In Flemish, please poop here

It is at this moment I realized my husband is a freak of nature.  I snuck one of his fries out in the car, and he practically swerved into traffic while yelling “NO!  You cannot eat the fries like that!!  Do not eat my fries!”  Then, at the park, while I was thoroughly enjoying my durum, I saw that Pedram was only eating his fries.

“I don’t like my fries inside the durum, cause they get soggy.  I prefer them separate.  I get the samurai sauce on the fries, which is spicy, and then I eat all the fries, and then I get the garlic white sauce on my durum, which I only eat once I am done with the fries, and the garlic sauce is so good with the chicken, but my mouth is still feeling the spice from the samurai sauce.  Only once I am done with the durum do I drink anything.”

Ummm….okay, whatever.

Luxembourg was what Luxembourg always is, a good deal of eating (Pedram’s mom tries to ensure that we all get our favorite meals) and hanging out, and walking among cows.  Rusby was loving the extra attention and Pedram’s dad affection and the long walks.  He did not appreciate when Pedram’s brother’s dog, a bisexual french bulldog beast, continually tried to rape him.

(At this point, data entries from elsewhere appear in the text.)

text \<open>In a Boolean lattice every element has a complement; in an interval of sets closed
  under union and intersection, join and meet are union and intersection.\<close>
lemma complement_in_boolean_interval:
  assumes iso: "order_iso I rev_incl (Pow S) (\<subseteq>)"
    and closed: "\<And>F G. F \<in> I \<Longrightarrow> G \<in> I \<Longrightarrow> F \<union> G \<in> I \<and> F \<inter> G \<in> I"
    and top: "F1 \<in> I" and bot: "F2 \<in> I" and between: "\<And>F. F \<in> I \<Longrightarrow> F2 \<subseteq> F \<and> F \<subseteq> F1"
    and F: "F \<in> I"
  shows "\<exists>G\<in>I. F \<union> G = F1 \<and> F \<inter> G = F2"
proof -
  obtain \<phi> where bij: "bij_betw \<phi> I (Pow S)"
    and iso_ord: "\<forall>F\<in>I. \<forall>G\<in>I. rev_incl F G \<longleftrightarrow> \<phi> F \<subseteq> \<phi> G"
    using iso unfolding order_iso_def by blast
  have ord: "G \<subseteq> F \<longleftrightarrow> \<phi> F \<subseteq> \<phi> G" if "F \<in> I" "G \<in> I" for F G
    using iso_ord that unfolding rev_incl_def by blast
  have \<phi>S: "\<phi> X \<subseteq> S" if "X \<in> I" for X
    using bij_betwE[OF bij] that by blast
  have inj: "X = Y" if "X \<in> I" "Y \<in> I" "\<phi> X = \<phi> Y" for X Y
    using bij that unfolding bij_betw_def inj_on_def by blast
  have "S - \<phi> F \<in> \<phi> ` I"
    using bij unfolding bij_betw_def by blast
  then obtain G where G: "G \<in> I" "\<phi> G = S - \<phi> F"
    by blast
  have UI: "F \<union> G \<in> I" and II: "F \<inter> G \<in> I"
    using closed F G(1) by blast+
  have "\<phi> (F \<union> G) \<subseteq> \<phi> F" "\<phi> (F \<union> G) \<subseteq> \<phi> G" "\<phi> F1 \<subseteq> \<phi> (F \<union> G)"
    using ord[OF UI F] ord[OF UI G(1)] ord[OF top UI] between[OF UI] by blast+
  then have "\<phi> F1 = \<phi> (F \<union> G)"
    using G(2) by blast
  moreover have "\<phi> F \<subseteq> \<phi> (F \<inter> G)" "\<phi> G \<subseteq> \<phi> (F \<inter> G)" "\<phi> (F \<inter> G) \<subseteq> \<phi> F2"
    using ord[OF F II] ord[OF G(1) II] ord[OF II bot] between[OF II] by blast+
  then have "\<phi> (F \<inter> G) = \<phi> F2"
    using \<phi>S[OF F] \<phi>S[OF bot] G(2) by blast
  ultimately show ?thesis
    using inj[OF top UI] inj[OF II bot] G(1) by blast
qed
(* Assume $0<q_{00}<1$, $\theta_1>0$, that $p_{00}$ and $p_{10}$ have finite moment generating functions in a neighbourhood of $0$, and that $M$ is diagonalizable. Let $\mu_t=\mathbb E[Y_t]$ and, for integers $k\ge1$, $\mu^0_k=\frac{\theta_1}{q_{00}}(M^k)_{00}$ (the expectation of $Y_k$ when $\nu=e_0$). Then the covariance matrix $\Sigma_{tt'}=\mathrm{Cov}(Y_t,Y_{t'})$ satisfies, for $t=1,\dots,T$, $$\Sigma_{tt}=\big(\theta_1(\theta_3+1)+1-\mu_t\big)\mu_t,$$ and for $1\le t'<t\le T$, $$\Sigma_{tt'}=\left[\Big(\theta_2-q_{00}\frac{1-\theta_2}{1-q_{00}}\Big)\mu^0_{t-t'}+\frac{1-\theta_2}{1-q_{00}}\mu^0_{t-t'+1}-\mu_t\right]\mu_{t'}.$$
   Context: Hidden two-timescale Markov model (HTMM). Fix integers $r\ge 1$, $T\ge 1$ and $\mathcal S=\{0,1,\dots,r\}$. Let $q_{xz}\in[0,1]$ for $x\in\mathcal S$, $z\in\{0,\dots,r-1\}$, with $\sum_{x}q_{xz}=1$ for each such $z$. Define column-stochastic matrices $M^{\ell}$, $M^{s}$ indexed by $\mathcal S$: column $0$ of $M^\ell$ is $e_0$, column $r$ of $M^\ell$ is $e_r$, $M^\ell_{xz}=q_{xz}$ for $1\le z\le r-1$; column $0$ of $M^s$ is $(q_{00},\dots,q_{r0})^{\mathrm T}$ and $M^s_{xz}=\delta_{xz}$ for $z\ge 1$. Set $M=M^sM^\ell$. Let $p_{00},p_{10}$ be probability distributions on $\mathbb N_0$; put $p_{x0}:=p_{10}$ for $x\ge1$ and $p_{xx'}:=\delta_0$ for $x'\ne0$. Let $\nu$ be a probability vector on $\mathcal S$. The HTMM is the random vector $(X_0,X'_1,X_1,Y_1,\dots,X'_T,X_T,Y_T)$ with joint law $\mathbb P(X_0=x_0,X'_t=x'_t,X_t=x_t,Y_t=y_t,1\le t\le T)=\nu_{x_0}\prod_{t=1}^T M^\ell_{x'_tx_{t-1}}M^s_{x_tx'_t}p_{x_tx'_t}(y_t)$. Inner-model parameters (independent of $t$): $\theta_1=\mathbb E[Y_t\mid X'_t=0]$, $\theta_2=q_{00}\,\mathbb E[Y_t\mid X'_t=X_t=0]/\theta_1$, $\theta_3=\mathrm{Var}[Y_t\mid X'_t=0]/\theta_1^2-1/\theta_1$. *)

theory Defs
  imports "HOL-Probability.Probability" "Jordan_Normal_Form.Matrix"
begin

text \<open>State space S = {0..r}. Matrices indexed by S are functions nat => nat => real,
  vanishing outside S x S. Entry (x,z) = transition probability from z to x
  (column-stochastic convention).\<close>

definition Ml :: "(nat \<Rightarrow> nat \<Rightarrow> real) \<Rightarrow> nat \<Rightarrow> nat \<Rightarrow> nat \<Rightarrow> real" where
  "Ml q r x z = (if r < x \<or> r < z then 0
     else if z = 0 then (if x = 0 then 1 else 0)
     else if z = r then (if x = r then 1 else 0)
     else q x z)"

definition Ms :: "(nat \<Rightarrow> nat \<Rightarrow> real) \<Rightarrow> nat \<Rightarrow> nat \<Rightarrow> nat \<Rightarrow> real" where
  "Ms q r x z = (if r < x \<or> r < z then 0
     else if z = 0 then q x 0
     else (if x = z then 1 else 0))"

definition Mmat :: "(nat \<Rightarrow> nat \<Rightarrow> real) \<Rightarrow> nat \<Rightarrow> real mat" where
  "Mmat q r = mat (Suc r) (Suc r) (\<lambda>(x,z). \<Sum>k\<le>r. Ms q r x k * Ml q r k z)"

definition pY :: "nat pmf \<Rightarrow> nat pmf \<Rightarrow> nat \<Rightarrow> nat \<Rightarrow> nat \<Rightarrow> real" where
  "pY p00 p10 x x' y = (if x' \<noteq> 0 then (if y = 0 then 1 else 0)
      else if x = 0 then pmf p00 y else pmf p10 y)"

text \<open>Outcomes: (x_0, [(x'_1,x_1,y_1), ..., (x'_T,x_T,y_T)]).\<close>
type_synonym outcome = "nat \<times> (nat \<times> nat \<times> nat) list"

fun path_weight :: "(nat \<Rightarrow> nat \<Rightarrow> real) \<Rightarrow> nat \<Rightarrow> nat pmf \<Rightarrow> nat pmf \<Rightarrow> nat
     \<Rightarrow> (nat \<times> nat \<times> nat) list \<Rightarrow> real" where
  "path_weight q r p00 p10 xprev [] = 1"
| "path_weight q r p00 p10 xprev ((x', x, y) # L) =
     Ml q r x' xprev * Ms q r x x' * pY p00 p10 x x' y * path_weight q r p00 p10 x L"

definition htmm_density :: "(nat \<Rightarrow> real) \<Rightarrow> (nat \<Rightarrow> nat \<Rightarrow> real) \<Rightarrow> nat \<Rightarrow> nat \<Rightarrow> nat pmf \<Rightarrow> nat pmf
     \<Rightarrow> outcome \<Rightarrow> real" where
  "htmm_density \<nu> q r T p00 p10 \<omega> =
     (if length (snd \<omega>) = T then \<nu> (fst \<omega>) * path_weight q r p00 p10 (fst \<omega>) (snd \<omega>) else 0)"

definition htmm :: "(nat \<Rightarrow> real) \<Rightarrow> (nat \<Rightarrow> nat \<Rightarrow> real) \<Rightarrow> nat \<Rightarrow> nat \<Rightarrow> nat pmf \<Rightarrow> nat pmf
     \<Rightarrow> outcome pmf" where
  "htmm \<nu> q r T p00 p10 = embed_pmf (htmm_density \<nu> q r T p00 p10)"

definition Yobs :: "nat \<Rightarrow> outcome \<Rightarrow> real" where
  "Yobs t \<omega> = real (snd (snd (snd \<omega> ! (t - 1))))"

definition cov :: "'a pmf \<Rightarrow> ('a \<Rightarrow> real) \<Rightarrow> ('a \<Rightarrow> real) \<Rightarrow> real" where
  "cov P X Z = measure_pmf.expectation P
      (\<lambda>w. (X w - measure_pmf.expectation P X) * (Z w - measure_pmf.expectation P Z))"

text \<open>Inner-model quantities: conditional on X'_t = 0, X_t ~ q_{.0} and Y_t ~ p_{X_t 0}.\<close>
definition pin :: "nat pmf \<Rightarrow> nat pmf \<Rightarrow> nat \<Rightarrow> nat pmf" where
  "pin p00 p10 x = (if x = 0 then p00 else p10)"

definition pmean :: "nat pmf \<Rightarrow> real" where
  "pmean p = measure_pmf.expectation p real"

definition psecond :: "nat pmf \<Rightarrow> real" where
  "psecond p = measure_pmf.expectation p (\<lambda>y. (real y)^2)"

definition theta1 :: "(nat \<Rightarrow> nat \<Rightarrow> real) \<Rightarrow> nat \<Rightarrow> nat pmf \<Rightarrow> nat pmf \<Rightarrow> real" where
  "theta1 q r p00 p10 = (\<Sum>x\<le>r. q x 0 * pmean (pin p00 p10 x))"

definition theta2 :: "(nat \<Rightarrow> nat \<Rightarrow> real) \<Rightarrow> nat \<Rightarrow> nat pmf \<Rightarrow> nat pmf \<Rightarrow> real" where
  "theta2 q r p00 p10 = q 0 0 * pmean p00 / theta1 q r p00 p10"
lemma funpow_L_one_minus_kap_L:
  assumes k: "wbounded lam k c" and t: "0 \<le> t"
  shows "(L ^^ n) (\<lambda>u. k u - kap * L k u) t = (L ^^ n) k t - kap * (L ^^ Suc n) k t"
  using t
proof (induction n arbitrary: t)
  case 0
  then show ?case by simp
next
  case (Suc n)
  have "(L ^^ Suc n) (\<lambda>u. k u - kap * L k u) t = L (\<lambda>u. (L ^^ n) k u - kap * (L ^^ Suc n) k u) t"
    using Suc by (auto intro: L_cong_nonneg)
  also have "\<dots> = (L ^^ Suc n) k t - L (\<lambda>u. kap * (L ^^ Suc n) k u) t"
    using L_diff[OF wbounded_funpow_L[OF k, of n] wbounded_scale[OF wbounded_funpow_L[OF k, of "Suc n"], of kap] Suc.prems]
    by simp
  also have "\<dots> = (L ^^ Suc n) k t - kap * (L ^^ Suc (Suc n)) k t"
    using L_scale[OF Suc.prems] by simp
  finally show ?case .
qed

lemma neumann_sum_left_inverse:
  assumes k: "wbounded lam k c" and t: "0 \<le> t"
  shows "neumann_sum (\<lambda>u. k u - kap * L k u) t = k t"
proof -
  define a where "a n = kap ^ n * (L ^^ n) k t" for n
  have "norm (a (Suc n)) \<le> (kap * K) ^ n * (kap * K * c * exp (- lam * t))" for n
  proof -
    have "norm (a (Suc n)) = kap ^ Suc n * \<bar>(L ^^ Suc n) k t\<bar>"
      using kap_nonneg by (simp add: a_def abs_mult)
    also have "\<dots> \<le> kap ^ Suc n * (K ^ Suc n * c * exp (- lam * t))"
      using abs_funpow_L_Suc_le[OF k t] kap_nonneg by (intro mult_left_mono) auto
    finally show ?thesis
      by (simp add: power_mult_distrib mult_ac)
  qed
  moreover have "(\<lambda>n. (kap * K) ^ n * (kap * K * c * exp (- lam * t))) \<longlonglongrightarrow> 0"
    using kap_nonneg K_nonneg kap_K_less_1 by (intro tendsto_mult_left_zero[OF LIMSEQ_power_zero]) simp
  ultimately have "(\<lambda>n. a (Suc n)) \<longlonglongrightarrow> 0"
    by (rule Lim_null_comparison[OF always_eventually[OF allI]])
  then have "(\<lambda>n. a n - a (Suc n)) sums (a 0 - 0)"
    by (rule telescope_sums'[OF LIMSEQ_imp_Suc])
  moreover have "kap ^ n * (L ^^ n) (\<lambda>u. k u - kap * L k u) t = a n - a (Suc n)" for n
    unfolding funpow_L_one_minus_kap_L[OF k t] a_def by (simp add: algebra_simps)
  ultimately show ?thesis
    by (simp add: neumann_sum_def a_def sums_iff)
qed
(* Let $k,l,m$ be positive integers, $n=(l+1)k$, and let $A\in\mathbb{R}^{m\times n}$ have $2k$-restricted isometry constant $\delta_{2k}$. Let $x\in\mathbb{R}^n$, $\epsilon\ge0$, $e\in\mathbb{R}^m$ with $\|e\|_2\le\epsilon$, $y=Ax+e$, let $p\in(0,1)$, let $x^{\star}$ be a solution of $\min_{\gamma}\|\gamma\|_p$ subject to $\|y-A\gamma\|_2\le\epsilon$, and let $h=x-x^{\star}$. Let $T_0=\{1,\dots,k\}$, $T_0^c=\{k+1,\dots,n\}$, and let $T_1,\dots,T_l$ be the partition of $T_0^c$ into consecutive blocks of size $k$ after ordering the indices of $T_0^c$ so that $|h_j|$ is non-increasing (so $T_1$ carries the $k$ largest entries of $h$ in magnitude on $T_0^c$, $T_2$ the next $k$, etc.). Let $t\in[0,1]$ satisfy $\|h_{T_1}\|_p^p=t\|h_{T_0^c}\|_p^p$. Then $$\Big\|\sum_{i=2}^lAh_{T_i}\Big\|_2^2\le C_1(t,p)k^{1-\frac2p}\|h_{T_0^c}\|_p^2,\qquad C_1(t,p)=\begin{cases}(1-t)t^{\frac2p-1}+2g(p)\delta_{2k}, & p\in(0,p^{\star}],\\ (1-t)t^{\frac2p-1}+2^{2-\frac2p}\delta_{2k}, & p\in(p^{\star},1).\end{cases}$$
   Context: For $1\le s\le n$, the $s$-restricted isometry constant $\delta_s$ of $A$ is the smallest constant such that $(1-\delta_s)\|z\|_2^2\le\|Az\|_2^2\le(1+\delta_s)\|z\|_2^2$ for all $s$-sparse $z\in\mathbb{R}^n$. For $p\in(0,1)$, $\|\gamma\|_p=(\sum_i|\gamma_i|^p)^{1/p}$. For a vector $v$ and index set $T$, $v_T$ is the vector equal to $v$ on $T$ and zero elsewhere. $g(p)=\frac{p}{2}(1-\frac{p}{2})^{\frac{2}{p}-1}$. $p^{\star}\approx0.45418$ is the unique solution in $(0,1]$ of $(\frac{p}{2})^{1/2}(2-p)^{\frac1p-\frac12}=1$. *)

theory Defs
  imports Complex_Main
begin

text \<open>Vectors in R^n are functions nat => real of which only the coordinates
  0..n-1 matter (0-based indexing); an m x n matrix is nat => nat => real,
  of which only entries (i,j) with i < m, j < n matter.\<close>

definition matvec :: "(nat \<Rightarrow> nat \<Rightarrow> real) \<Rightarrow> nat \<Rightarrow> (nat \<Rightarrow> real) \<Rightarrow> (nat \<Rightarrow> real)" where
  "matvec A n z = (\<lambda>i. \<Sum>j<n. A i j * z j)"

definition norm2sq :: "nat \<Rightarrow> (nat \<Rightarrow> real) \<Rightarrow> real" where
  "norm2sq d v = (\<Sum>i<d. (v i)^2)"

definition norm2 :: "nat \<Rightarrow> (nat \<Rightarrow> real) \<Rightarrow> real" where
  "norm2 d v = sqrt (norm2sq d v)"

definition pnorm :: "real \<Rightarrow> nat \<Rightarrow> (nat \<Rightarrow> real) \<Rightarrow> real" where
  "pnorm p d v = (\<Sum>i<d. \<bar>v i\<bar> powr p) powr (1 / p)"

definition restr :: "nat set \<Rightarrow> (nat \<Rightarrow> real) \<Rightarrow> (nat \<Rightarrow> real)" where
  "restr T v = (\<lambda>i. if i \<in> T then v i else 0)"

definition sparse :: "nat \<Rightarrow> nat \<Rightarrow> (nat \<Rightarrow> real) \<Rightarrow> bool" where
  "sparse s n z \<longleftrightarrow> card {j. j < n \<and> z j \<noteq> 0} \<le> s"

definition ric :: "(nat \<Rightarrow> nat \<Rightarrow> real) \<Rightarrow> nat \<Rightarrow> nat \<Rightarrow> nat \<Rightarrow> real" where
  "ric A m n s = Inf {\<delta>. \<forall>z. sparse s n z \<longrightarrow>
       (1 - \<delta>) * norm2sq n z \<le> norm2sq m (matvec A n z) \<and>
       norm2sq m (matvec A n z) \<le> (1 + \<delta>) * norm2sq n z}"

definition gfun :: "real \<Rightarrow> real" where
  "gfun p = p / 2 * (1 - p / 2) powr (2 / p - 1)"

definition pstar :: real where
  "pstar = (THE p. 0 < p \<and> p \<le> 1 \<and> (p / 2) powr (1/2) * (2 - p) powr (1 / p - 1/2) = 1)"

definition C1 :: "real \<Rightarrow> real \<Rightarrow> real \<Rightarrow> real" where
  "C1 \<delta> t p = (if p \<le> pstar
      then (1 - t) * t powr (2 / p - 1) + 2 * gfun p * \<delta>
      else (1 - t) * t powr (2 / p - 1) + 2 powr (2 - 2 / p) * \<delta>)"

end

theory Submission
  imports Defs "HOL-Analysis.Convex"
begin

text \<open>
  Let M_i be the p-mass of the block T_i and S the p-mass of h on T_0^c. Since the blocks are
  sorted, every entry of T_i satisfies |h_j|^p <= M_(i-1)/k, so that
  ||h_(T_i)||_2^2 <= (M_(i-1)/k)^(2/p-1) M_i. Polarizing the RIP gives
  |<Au,Av>| <= delta ||u|| ||v|| for disjointly supported k-sparse u and v, hence
  ||sum_(i>=2) A h_(T_i)||^2 <= sum ||h_(T_i)||^2 + delta (sum ||h_(T_i)||)^2.
  As M_(i-1) <= M_1 = t S, the first sum is at most (1-t) t^(2/p-1) k^(1-2/p) S^(2/p).
  For the second, Cauchy-Schwarz together with M_(i-1) <= min(t, 1-t) S for i >= 3 leaves the factor
  (1-t) (t^(2/p-1) + min(t,1-t)^(2/p-2) (1-t)) <= max (g(p) + 2^(-2/p)) (2^(2-2/p)),
  which is at most 2g(p) for p <= p* and at most 2^(2-2/p) otherwise: p* is exactly where
  2g(p) and 2^(2-2/p) cross.
\<close>

section \<open>The constant\<close>

lemma mult_powr_le_gfun:
  fixes p t :: real
  assumes "0 < p" "p < 2" "0 \<le> t" "t \<le> 1"
  shows "(1 - t) * t powr (2/p - 1) \<le> gfun p"
proof (cases "t = 0 \<or> t = 1")
  case True
  then show ?thesis using assms by (auto simp: gfun_def)
next
  case False
  hence t: "0 < t" "t < 1" using assms by auto
  define a where "a = t / (1 - p/2)"
  define b where "b = (1 - t) / (p/2)"
  have a: "a > 0" and b: "b > 0" using t assms by (auto simp: a_def b_def)
  \<comment> \<open>weighted AM-GM with weights \<open>1 - p/2\<close> and \<open>p/2\<close>\<close>
  have "a powr (1 - p/2) * b powr (p/2) \<le> (1 - p/2) * a + (p/2) * b"
    by (rule Youngs_inequality_0) (use assms a b in auto)
  also have "\<dots> = 1" using assms by (simp add: a_def b_def field_simps)
  finally have "(a powr (1 - p/2) * b powr (p/2)) powr (2/p) \<le> 1"
    using a b assms by (intro powr_le1) auto
  moreover have "(1 - p/2) * (2/p) = 2/p - 1" "(p/2) * (2/p) = 1" using assms by (auto simp: field_simps)
  hence "(a powr (1 - p/2) * b powr (p/2)) powr (2/p) = a powr (2/p - 1) * b"
    using a b by (simp add: powr_mult powr_powr)
  ultimately have ab: "a powr (2/p - 1) * b \<le> 1" by simp
  have c: "(1 - p/2) powr (2/p - 1) > 0" using assms by simp
  have "a powr (2/p - 1) = t powr (2/p - 1) / (1 - p/2) powr (2/p - 1)"
    unfolding a_def using t assms by (simp add: powr_divide)
  with ab have "t powr (2/p - 1) / (1 - p/2) powr (2/p - 1) * ((1 - t) / (p/2)) \<le> 1"
    by (simp add: b_def)
  hence "t powr (2/p - 1) * (1 - t) \<le> (1 - p/2) powr (2/p - 1) * (p/2)"
    using c assms by (simp add: field_simps)
  thus ?thesis unfolding gfun_def by (metis mult.commute)
qed

definition pstar_log :: "real \<Rightarrow> real" where
  "pstar_log p = (1/2) * (ln p - ln 2) + (inverse p - 1/2) * ln (2 - p)"

lemma exp_pstar_log:
  assumes "0 < p" "p < 2"
  shows "exp (pstar_log p) = (p/2) powr (1/2) * (2 - p) powr (1/p - 1/2)"
  using assms by (simp add: pstar_log_def exp_add powr_def ln_div inverse_eq_divide mult.commute)

lemma has_real_derivative_pstar_log:
  assumes "0 < x" "x < 2"
  shows "(pstar_log has_real_derivative - ln (2 - x) / x^2) (at x)"
  unfolding pstar_log_def
  apply (intro derivative_eq_intros)
  apply (use assms in simp_all)
  apply (use assms in \<open>simp add: field_simps power2_eq_square\<close>)
  done

lemma pstar_log_strict_decreasing:
  assumes "0 < a" "a < b" "b \<le> 1"
  shows "pstar_log b < pstar_log a"
proof (rule DERIV_neg_imp_decreasing_open[OF \<open>a < b\<close>])
  fix x assume x: "a < x" "x < b"
  show "\<exists>y. (pstar_log has_real_derivative y) (at x) \<and> y < 0"
  proof (intro exI conjI)
    show "(pstar_log has_real_derivative - ln (2 - x) / x^2) (at x)"
      using x assms by (intro has_real_derivative_pstar_log) auto
    show "- ln (2 - x) / x^2 < 0" using x assms by simp
  qed
next
  show "continuous_on {a..b} pstar_log"
    unfolding pstar_log_def using assms by (intro continuous_intros) auto
qed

Luxembourg is a nice country and although I could never live here, I do tell everyone I know about the things that make it a wonderful place to live.  But on this visit, the feeling of superficiality in such a rich country was more apparent than ever.  I think Rusby was the only dog in all of Luxembourg that didn’t cost more than 1000 euros.  Pedram’s mom joked that it was embarrassing to walk through the city center with such a mutt when everyone else was showcasing their prim and proper thoroughbreds.  Perhaps the most embarrassing part was when Rusby decided to take a dump on the busy Grande Rue.  Everyone is looking each other up and down, judging the watch on your arm, the car you are driving, the handbag you are carrying.  People make more money in Luxembourg than anywhere else in Europe, but they are still hoping to have more because everything in Luxembourg is so ridiculously expensive.

Me: Wow, that car looks expensive.  Where are the door handles?

Pedram:  That car is worth more than our apartment.  The doors slide up, they do not open.

We were clearly out of our element, which is made even more clear by our excitement watching our dog poop and the giddy feeling one gets when you realize, I don’t have to pick up his poop.  In Luxembourg it just evaporates or turns into gold with which the government buys everyone Mercedes with doors that have no handles.